Russian President Vladimir Putin is scheduled to meet members of the Presidential Human Rights Council (HRC) on Wednesday.
The meeting takes place every year but this time there are issues the Human Rights Council members have been forbidden from raising while meeting this powerful President.
Among the topics that should not be raised are the execution of a prisoner recruited by the Wagner PMC, the application of the law on “fakes” and other topics that in one way or another relate to events at the front.
As in the “pandemic” year 2021, it will be held in an online format, as Alexander Brod, a member of the HRC , said .
This is a meeting of a renewed council: in November, the most consistent opponents of the war in Ukraine were expelled from its membership and replaced with supporters, for example, military commissar Oleksandr Kots.
To replace thorny questions, a number of HRC members have suggested topics that the president would be “pleased to talk about.”
Among them are the state of the environment, sanctions against Russians in the West and the abolition of Russian culture, refugee problems, questions about volunteering, and legislation banning LGBT propaganda.

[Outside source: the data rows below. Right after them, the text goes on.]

theorem mainTheorem17:
  shows "\<exists>C>0. \<forall>(n::nat) (v::nat \<Rightarrow> real \<Rightarrow> real) (B::nat \<Rightarrow> real) (ord::nat list)
            (r1::nat) (r2::nat) (x::nat \<Rightarrow> real) (pay::nat \<Rightarrow> real) (x'::nat \<Rightarrow> real) (pay'::nat \<Rightarrow> real).
     n \<ge> 2 \<and>
     (\<forall>i<n. concave_on {0..1} (v i) \<and> mono_on {0..1} (v i) \<and> (\<forall>t\<in>{0..1}. 0 \<le> v i t)) \<and>
     (\<forall>i<n. 0 < B i) \<and>
     distinct ord \<and> set ord = {..<n} \<and>
     r1 < n \<and> (\<forall>i<n. vbar v B i (1/2) \<le> vbar v B r1 (1/2)) \<and>
     r2 < n \<and> r2 \<noteq> r1 \<and> (\<forall>i<n. i \<noteq> r1 \<longrightarrow> vbar v B i (1/2) \<le> vbar v B r2 (1/2)) \<and>
     sell_without n v B ord r1 x pay \<and>
     sell_without n v B ord r2 x' pay'
     \<longrightarrow> liquid_welfare n v B (ep_allocation v B r1 r2 x x' pay')
           \<ge> opt_liquid_welfare n v B / (C * ln (real n))"
proof (intro exI[of _ "1806::real"] conjI allI impI)
  fix n :: nat and v :: "nat \<Rightarrow> real \<Rightarrow> real" and B :: "nat \<Rightarrow> real" and ord :: "nat list"
    and r1 r2 :: nat and x pay x' pay' :: "nat \<Rightarrow> real"
  assume H: "n \<ge> 2 \<and>
     (\<forall>i<n. concave_on {0..1} (v i) \<and> mono_on {0..1} (v i) \<and> (\<forall>t\<in>{0..1}. 0 \<le> v i t)) \<and>
     (\<forall>i<n. 0 < B i) \<and>
     distinct ord \<and> set ord = {..<n} \<and>
     r1 < n \<and> (\<forall>i<n. vbar v B i (1/2) \<le> vbar v B r1 (1/2)) \<and>
     r2 < n \<and> r2 \<noteq> r1 \<and> (\<forall>i<n. i \<noteq> r1 \<longrightarrow> vbar v B i (1/2) \<le> vbar v B r2 (1/2)) \<and>
     sell_without n v B ord r1 x pay \<and>
     sell_without n v B ord r2 x' pay'"
  interpret estimate_and_price n v B ord r1 x pay r2 x' pay'
    by unfold_locales (use H in blast)+
  have ln_n: "0 < ln (real n)" "real (kpar n) \<le> 14 * ln (real n)"
    using first.two_le_n kpar_bounds by auto
  have "opt_liquid_welfare n v B \<le> 129 * real (kpar n) * welfare"
    by (rule opt_liquid_welfare_le_welfare)
  also have "\<dots> \<le> 129 * (14 * ln (real n)) * welfare"
    using ln_n welfare_nonneg by (intro mult_right_mono) auto
  finally have "opt_liquid_welfare n v B \<le> (1806 * ln (real n)) * welfare"
    by simp
  then show "opt_liquid_welfare n v B / (1806 * ln (real n)) \<le> welfare"
    using ln_n by (simp add: divide_le_eq mult.commute)
qed simp

end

In recent years, the topics raised at the President’s meetings with members of the Human Rights Council have become less and less acute.
This was especially influenced by the appointment in 2019 of Valery Fadeev as the head of the council instead of Mikhail Fedotov, the interlocutors of Layout agreed.
If in 2017, at a meeting with Putin, council members discussed pardoning political prisoners, freedom of assembly, and even a “campaign to persecute dissidents” in Russia, then in 2021 they talked about the introduction of QR codes in public transport, migration policy, and protecting the rights of citizens in digital environment.